I am ok with this PR in principle that it is backward compatible with the existing setup and works in distributed setting as well (from the code of RunningMoments & get_global_statistics)
Would love to hear from @lvwerra & @vwxyzjn to hear their thoughts on this
Can you also run the styling checks?

make precommit

Thanks!

HuggingFaceDocBuilderDev · 2023-07-24T11:51:19Z

The documentation is not available anymore as the PR was closed or merged.

younesbelkada

Can you also add few lines in the documentation explaining this feature to users ? The details could go in a dedicated section here: https://github.com/lvwerra/trl/blob/main/docs/source/customization.mdx
Also can you share the behaviour of the env/rewards_mean and env/rewards_std ?
Thanks!

younesbelkada · 2023-07-24T11:55:21Z

        default=1, metadata={"help": "the number of gradient accumulation steps"}
    )
    early_stopping: Optional[bool] = field(default=False, metadata={"help": "whether to early stop"})
-    target_kl: Optional[float] = field(default=6, metadata={"help": "kl target for early stopping"})
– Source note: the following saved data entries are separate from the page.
lemma diffs_mat_exp_coeff:
  assumes A: "A \<in> carrier_mat N N" and "i < N" "j < N"
  shows "diffs (mat_exp_coeff A i j) m = (\<Sum>l<N. A $$ (i,l) * mat_exp_coeff A l j m)"
proof -
  have "(of_nat (Suc m) :: complex) / fact (Suc m) = 1 / fact m"
    by (simp add: fact_Suc del: of_nat_Suc)
  then have "diffs (mat_exp_coeff A i j) m = (A ^\<^sub>m Suc m) $$ (i,j) / fact m"
    unfolding diffs_def mat_exp_coeff_def by (metis times_divide_eq_left times_divide_eq_right mult_1)
  also have "\<dots> = (\<Sum>l<N. A $$ (i,l) * mat_exp_coeff A l j m)"
    using assms by (simp add: pow_mat_Suc_left[OF A] scalar_prod_def lessThan_atLeast0
        mat_exp_coeff_def sum_divide_distrib del: pow_mat.simps)
  finally show ?thesis .
qed

lemma mat_exp_smult_entry_has_field_derivative:
  assumes A: "A \<in> carrier_mat N N" and ij: "i < N" "j < N"
  shows "((\<lambda>z. mat_exp (z \<cdot>\<^sub>m A) $$ (i,j)) has_field_derivative
           (A * mat_exp (z \<cdot>\<^sub>m A)) $$ (i,j)) (at z)"
proof -
  have summable: "summable (\<lambda>m. mat_exp_coeff A l j m * z ^ m)" if "l < N" for l z
    using summable_mat_exp_series[OF A that ij(2)] .
  have "((\<lambda>z. \<Sum>m. mat_exp_coeff A i j m * z ^ m) has_field_derivative
          (\<Sum>m. diffs (mat_exp_coeff A i j) m * z ^ m)) (at z)"
    by (rule termdiffs_strong_converges_everywhere) (rule summable[OF ij(1)])
  moreover have "(\<Sum>m. diffs (mat_exp_coeff A i j) m * z ^ m) = (A * mat_exp (z \<cdot>\<^sub>m A)) $$ (i,j)"
  proof -
    have "(\<Sum>m. diffs (mat_exp_coeff A i j) m * z ^ m)
        = (\<Sum>m. \<Sum>l<N. A $$ (i,l) * (mat_exp_coeff A l j m * z ^ m))"
      by (simp add: diffs_mat_exp_coeff[OF A ij] sum_distrib_right mult.assoc)
    also have "\<dots> = (\<Sum>l<N. \<Sum>m. A $$ (i,l) * (mat_exp_coeff A l j m * z ^ m))"
      by (rule suminf_sum) (use summable_mult[OF summable] in simp)
    also have "\<dots> = (\<Sum>l<N. A $$ (i,l) * (\<Sum>m. mat_exp_coeff A l j m * z ^ m))"
      by (rule sum.cong[OF refl]) (simp add: suminf_mult summable)
    also have "\<dots> = (A * mat_exp (z \<cdot>\<^sub>m A)) $$ (i,j)"
      using A ij by (auto simp: mat_exp_smult_entry scalar_prod_def lessThan_atLeast0 intro!: sum.cong)
    finally show ?thesis .
  qed
  ultimately show ?thesis
    using mat_exp_smult_entry[OF A ij] by simp
qed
This field seems to have been removed by mistake?

Hi Younes,

You will find that target_kl already exists on L57 with a much smaller value.
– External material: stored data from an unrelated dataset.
(* Let $\{f_j\}_{j=1}^m$, $m\ge2$, be an iterated function system of similarities of $\mathbb{C}$ with common contraction ratio $|\lambda|<1$ and connected attractor $A=\bigcup_j A_j$, $A_j=f_j(A)$, which is invertible with map $q:A\to A$ and has finite nonempty overlap set $\mathcal{O}$. Suppose $q$ is critically non-recurrent and $A$ is of bounded turning with constant $L$. Then there are constants $C\ge1$, $\delta_1>0$ (depending only on the system, not on $L$) such that for every connected $B\subset A$ with $\operatorname{diam}B<\delta_1$, every $n\ge0$, every $x\in q^{-n}(B)$, and $W$ the connected component of $q^{-n}(B)$ containing $x$, $$C|\lambda|^n\operatorname{diam}B\ge\operatorname{diam}W\ge\operatorname{inr}(W,x)\ge(CL)^{-1}|\lambda|^n\operatorname{inr}(B,q^n(x)).$$
   Context: Each $f_j$ is of the form $f_j(z)=|\lambda|e^{i\theta_j}z+d_j$ or $|\lambda|e^{i\theta_j}\overline{z}+d_j$. Invertible: there is continuous $q:A\to A$ with $q|_{A_j}=(f_j|_A)^{-1}$ for each $j$. Overlap set $\mathcal{O}=\bigcup_{i\ne j}(A_i\cap A_j)$. Critically non-recurrent: for every $z\in\mathcal{O}$ the limit set of $\{q^n(z)\}_{n\ge1}$ does not contain $z$. $A$ is of bounded turning with constant $L$ if any $z_1,z_2\in A$ are joined by a curve in $A$ of diameter at most $L|z_1-z_2|$. For $S\subset A$ and $y\in S$, $\operatorname{inr}(S,y)=\inf\{|y-w|:w\in A\setminus S\}$. *)

theory Defs
  imports "HOL-Analysis.Analysis"
begin

definition similarity_IFS :: "nat \<Rightarrow> real \<Rightarrow> (nat \<Rightarrow> complex \<Rightarrow> complex) \<Rightarrow> bool" where
  "similarity_IFS m r f \<longleftrightarrow>
     (\<forall>j\<in>{1..m}. \<exists>\<theta> d. f j = (\<lambda>z. complex_of_real r * cis \<theta> * z + d)
                        \<or> f j = (\<lambda>z. complex_of_real r * cis \<theta> * cnj z + d))"

definition is_attractor :: "nat \<Rightarrow> (nat \<Rightarrow> complex \<Rightarrow> complex) \<Rightarrow> complex set \<Rightarrow> bool" where
  "is_attractor m f A \<longleftrightarrow> compact A \<and> A \<noteq> {} \<and> A = (\<Union>j\<in>{1..m}. f j ` A)"

definition inverse_map :: "nat \<Rightarrow> (nat \<Rightarrow> complex \<Rightarrow> complex) \<Rightarrow> complex set \<Rightarrow> (complex \<Rightarrow> complex) \<Rightarrow> bool" where
  "inverse_map m f A q \<longleftrightarrow> continuous_on A q \<and> q ` A \<subseteq> A \<and> (\<forall>j\<in>{1..m}. \<forall>z\<in>A. q (f j z) = z)"

definition overlap_set :: "nat \<Rightarrow> (nat \<Rightarrow> complex \<Rightarrow> complex) \<Rightarrow> complex set \<Rightarrow> complex set" where
  "overlap_set m f A = {z. \<exists>i\<in>{1..m}. \<exists>j\<in>{1..m}. i \<noteq> j \<and> z \<in> f i ` A \<and> z \<in> f j ` A}"

definition orbit_limit_set :: "(complex \<Rightarrow> complex) \<Rightarrow> complex \<Rightarrow> complex set" where
  "orbit_limit_set q z = {w. \<forall>e>0. \<forall>N. \<exists>n\<ge>N. n \<ge> 1 \<and> dist ((q ^^ n) z) w < e}"

definition critically_non_recurrent :: "nat \<Rightarrow> (nat \<Rightarrow> complex \<Rightarrow> complex) \<Rightarrow> complex set \<Rightarrow> (complex \<Rightarrow> complex) \<Rightarrow> bool" where
  "critically_non_recurrent m f A q \<longleftrightarrow> (\<forall>z\<in>overlap_set m f A. z \<notin> orbit_limit_set q z)"

definition bounded_turning :: "complex set \<Rightarrow> real \<Rightarrow> bool" where
  "bounded_turning A L \<longleftrightarrow>
     (\<forall>z1\<in>A. \<forall>z2\<in>A. \<exists>\<gamma>. path \<gamma> \<and> path_image \<gamma> \<subseteq> A \<and> pathstart \<gamma> = z1 \<and> pathfinish \<gamma> = z2
         \<and> diameter (path_image \<gamma>) \<le> L * dist z1 z2)"

definition inr :: "complex set \<Rightarrow> complex set \<Rightarrow> complex \<Rightarrow> real" where
  "inr A S y = infdist y (A - S)"

definition preimage_iter :: "complex set \<Rightarrow> (complex \<Rightarrow> complex) \<Rightarrow> nat \<Rightarrow> complex set \<Rightarrow> complex set" where
  "preimage_iter A q n B = {z\<in>A. (q ^^ n) z \<in> B}"

end

theory Submission
  imports Defs
begin

text \<open>On each piece f j ` A the map q is a similarity of ratio 1/\<rho>, so pulling a small connected
  set back by q multiplies its diameter by \<rho> and pushing it forward multiplies it by 1/\<rho>, as long
  as the set lies in a single piece. A small connected set meeting the finite, separated overlap
  set contains exactly one overlap point, and every one of its points shares a piece with it; this
  costs a factor 2. Critical non-recurrence keeps the returns of the overlap points far away, so
  along a chain of small sets each overlap point is met at most once, and the total loss is at
  most 2 to the number of overlap points. This bounds diam W. For the bound on inr(W,x), push a
  bounded-turning path from x to a point outside W forward by q^n: if the path is short, its image
  stays in B, so the path lies in W.\<close>


lemma diameter_image_le:
  fixes g :: "'a::metric_space \<Rightarrow> 'b::metric_space"
  assumes "bounded S" "0 \<le> k" "\<And>x y. x \<in> S \<Longrightarrow> y \<in> S \<Longrightarrow> dist (g x) (g y) \<le> k * dist x y"
  shows "diameter (g ` S) \<le> k * diameter S"
proof (cases "S = {}")
  case False
  have "dist (g x) (g y) \<le> k * diameter S" if "x \<in> S" "y \<in> S" for x y
    using assms(3)[OF that] mult_left_mono[OF diameter_bounded_bound[OF assms(1) that] assms(2)]
    by linarith
  then show ?thesis
    using False unfolding diameter_def by (auto intro!: cSUP_least)
qed simp

lemma finite_uniform_lower_bound:
  fixes g :: "'a \<Rightarrow> 'b \<Rightarrow> real"
  assumes "finite S" "\<And>x. x \<in> S \<Longrightarrow> \<exists>e>0. \<forall>y\<in>T x. e \<le> g x y"
  shows "\<exists>e>0. \<forall>x\<in>S. \<forall>y\<in>T x. e \<le> g x y"
  using assms
proof (induction S rule: finite_induct)
  case empty
  show ?case by (intro exI[of _ 1]) simp
next
  case (insert a S)
  obtain e1 where "e1 > 0" "\<forall>x\<in>S. \<forall>y\<in>T x. e1 \<le> g x y"
    using insert by blast
  moreover obtain e2 where "e2 > 0" "\<forall>y\<in>T a. e2 \<le> g a y"
    using insert.prems by blast
  ultimately have "\<forall>x\<in>insert a S. \<forall>y\<in>T x. min e1 e2 \<le> g x y"
    by (auto intro: min.coboundedI1 min.coboundedI2)
  then show ?case
    using \<open>e1 > 0\<close> \<open>e2 > 0\<close> by (intro exI[of _ "min e1 e2"]) simp
qed

lemma connected_cover_by_separated_cballs:
  fixes S :: "'a::metric_space set"
  assumes S: "connected S" "S \<subseteq> (\<Union>c\<in>F. cball c r)"
    and F: "finite F" "F \<subseteq> S"
    and sep: "\<And>c c'. c \<in> F \<Longrightarrow> c' \<in> F \<Longrightarrow> c \<noteq> c' \<Longrightarrow> 2 * r < dist c c'"
    and c: "c \<in> F" "c' \<in> F"
  shows "c = c'"
proof (rule ccontr)
  assume "c \<noteq> c'"
  define E1 E2 where "E1 = cball c r" and "E2 = (\<Union>b\<in>F - {c}. cball b r)"
  have "c \<in> (\<Union>b\<in>F. cball b r)"
    using S(2) F(2) c(1) by blast
  then have "r \<ge> 0"
    by (metis UN_E mem_cball zero_le_dist order_trans)
  have "closed E1" "closed E2"
    unfolding E1_def E2_def using F(1) by auto
  moreover have "S \<subseteq> E1 \<union> E2"
    using S(2) unfolding E1_def E2_def by blast
  moreover have "E1 \<inter> E2 = {}"
  proof -
    have "p \<notin> cball b r" if "p \<in> cball c r" "b \<in> F - {c}" for b p
      using sep[of c b] that c(1) dist_triangle2[of c b p] by auto
    then show ?thesis
      unfolding E1_def E2_def by blast
  qed
  moreover have "c \<in> E1 \<inter> S"
    unfolding E1_def using \<open>r \<ge> 0\<close> c(1) F(2) by auto
  moreover have "c' \<in> E2 \<inter> S"
    unfolding E2_def using \<open>r \<ge> 0\<close> \<open>c \<noteq> c'\<close> c(2) F(2) by (auto intro!: bexI[of _ c'])
  ultimately show False
    using S(1) unfolding connected_closed by blast
qed

lemma infdist_le_diameter_of_connected:
  fixes A S :: "'a::real_normed_vector set"
  assumes "connected A" "S \<subseteq> A" "bounded S" "y \<in> S"
  shows "infdist y (A - S) \<le> diameter S"
proof (rule ccontr)
  assume "\<not> ?thesis"
  then have lt: "diameter S < infdist y (A - S)" by simp
  then have "A - S \<noteq> {}"
    using diameter_ge_0[OF assms(3)] by (auto simp: infdist_def)
  then obtain a where a: "a \<in> A - S" by blast
  define t where "t = (diameter S + infdist y (A - S)) / 2"
  have t: "diameter S < t" "t < infdist y (A - S)"
    using lt unfolding t_def by auto
  then have "0 < t"
    using diameter_ge_0[OF assms(3)] by linarith
  have "A \<inter> ball y t \<noteq> {}"
    using assms(2,4) \<open>0 < t\<close> by auto
  moreover have "A - ball y t \<noteq> {}"
    using a infdist_le[OF a, of y] t by auto
  ultimately have "A \<inter> frontier (ball y t) \<noteq> {}"
    using connected_Int_frontier[OF assms(1)] by blast
  then obtain w where "w \<in> A" "w \<in> frontier (ball y t)"
    by blast
  then have w: "w \<in> A" "dist y w = t"
    by (simp_all only: frontier_ball[OF \<open>0 < t\<close>] mem_sphere)
  show False
  proof (cases "w \<in> S")
    case True
    then show False
      using diameter_bounded_bound[OF assms(3,4) True] w t by linarith
  next
    case False
    then show False
      using infdist_le[of w "A - S" y] w t by auto
  qed
qed

lemma doubling_growth_bound:
  fixes d :: "nat \<Rightarrow> real" and c :: "nat \<Rightarrow> nat"
  assumes "0 \<le> a" "0 \<le> D" "d 0 \<le> 2 ^ c 0 * D"
    and mono: "\<And>k. c k \<le> c (Suc k)"
    and step: "\<And>k. k < n \<Longrightarrow> (\<And>j. j \<le> k \<Longrightarrow> d j \<le> 2 ^ c j * a ^ j * D) \<Longrightarrow>
       d (Suc k) \<le> a * d k \<or> d (Suc k) \<le> 2 * a * d k \<and> c k < c (Suc k)"
    and "k \<le> n"
  shows "d k \<le> 2 ^ c k * a ^ k * D"
proof -
  have "\<forall>j\<le>k. d j \<le> 2 ^ c j * a ^ j * D"
    using \<open>k \<le> n\<close>
  proof (induction k)
    case 0
    then show ?case using assms(3) by simp
  next
    case (Suc k)
    then have IH: "\<And>j. j \<le> k \<Longrightarrow> d j \<le> 2 ^ c j * a ^ j * D" by simp
    have aD: "0 \<le> a ^ Suc k * D"
      using assms(1,2) by simp
    have "k < n" using Suc.prems by simp
    then have "d (Suc k) \<le> a * d k \<or> d (Suc k) \<le> 2 * a * d k \<and> c k < c (Suc k)"
      using IH by (intro step)
    then have "d (Suc k) \<le> 2 ^ c (Suc k) * a ^ Suc k * D"
    proof (elim disjE conjE)
      assume "d (Suc k) \<le> a * d k"
      also have "\<dots> \<le> a * (2 ^ c k * a ^ k * D)"
        using IH[of k] assms(1) by (simp add: mult_left_mono)
      also have "\<dots> = 2 ^ c k * (a ^ Suc k * D)" by simp
      also have "\<dots> \<le> 2 ^ c (Suc k) * (a ^ Suc k * D)"
        using mono aD by (intro mult_right_mono power_increasing) auto
      finally show ?thesis by simp
    next
      assume le: "d (Suc k) \<le> 2 * a * d k" and grow: "c k < c (Suc k)"
      note le
      also have "2 * a * d k \<le> 2 * a * (2 ^ c k * a ^ k * D)"
        using IH[of k] assms(1) by (simp add: mult_left_mono)
      also have "\<dots> = 2 ^ Suc (c k) * (a ^ Suc k * D)" by simp
      also have "\<dots> \<le> 2 ^ c (Suc k) * (a ^ Suc k * D)"
        using grow aD by (intro mult_right_mono power_increasing) auto
      finally show ?thesis by simp
    qed
    then show ?case
      using IH le_Suc_eq by auto
  qed
  then show ?thesis by simp
qed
I dug deeper and found that PPOConfig has two configs target and target_kl, where target has a default value of 6. So I assume the first duplicate target_kl config here was meant to be target. However, target is NOT used to populate PPOConfig at L64, so I just removed it.

Regards,

Felix

great point, thank you !

I think this is actually a bug from here: 1620da3
we overloaded the target_kl term - we should rename it!

cc @edbeeching

@lvwerra as much as I love introducing bugs into trl. I think this time it was @younesbelkada , in the Big refactor of examples and documentation (#509). Here

I agree to rename to early_stop_kl, or something

zfang · 2023-07-24T18:42:55Z

Can you also add few lines in the documentation explaining this feature to users ? The details could go in a dedicated section here: https://github.com/lvwerra/trl/blob/main/docs/source/customization.mdx Also can you share the behaviour of the env/rewards_mean and env/rewards_std ? Thanks!

The rewards here are actually independent of score scaling/normalization/clipping because they are logged independently:

...
    pipe_outputs = sentiment_pipe(texts, **sent_kwargs)
    rewards = [torch.tensor(output[1]["score"]) for output in pipe_outputs]

    # Run PPO step
    stats = ppo_trainer.step(query_tensors, response_tensors, rewards)
    ppo_trainer.log_stats(stats, batch, rewards)

...

    def log_stats(
        self,
        stats: dict,
        batch: dict,
        rewards: List[torch.FloatTensor],
    ):
            ...

            logs["env/reward_mean"] = torch.mean(rewards).cpu().numpy().item()
            logs["env/reward_std"] = torch.std(rewards).cpu().numpy().item()
            logs["env/reward_dist"] = rewards.cpu().numpy()

            ...

younesbelkada

Thanks a lot for this great work, this looks very nice on my side, let's see what others will say !

lvwerra

Very clean PR, thanks! left a few questions :)

lvwerra · 2023-07-25T17:04:29Z

    target_kl: Optional[float] = field(default=0.1, metadata={"help": "kl target for early stopping"})
    seed: Optional[int] = field(default=0, metadata={"help": "the random seed"})
+    use_score_scaling: Optional[bool] = field(default=False, metadata={"help": "Use score scaling"})
+    use_score_norm: Optional[bool] = field(default=False, metadata={"help": "Use score normalization"})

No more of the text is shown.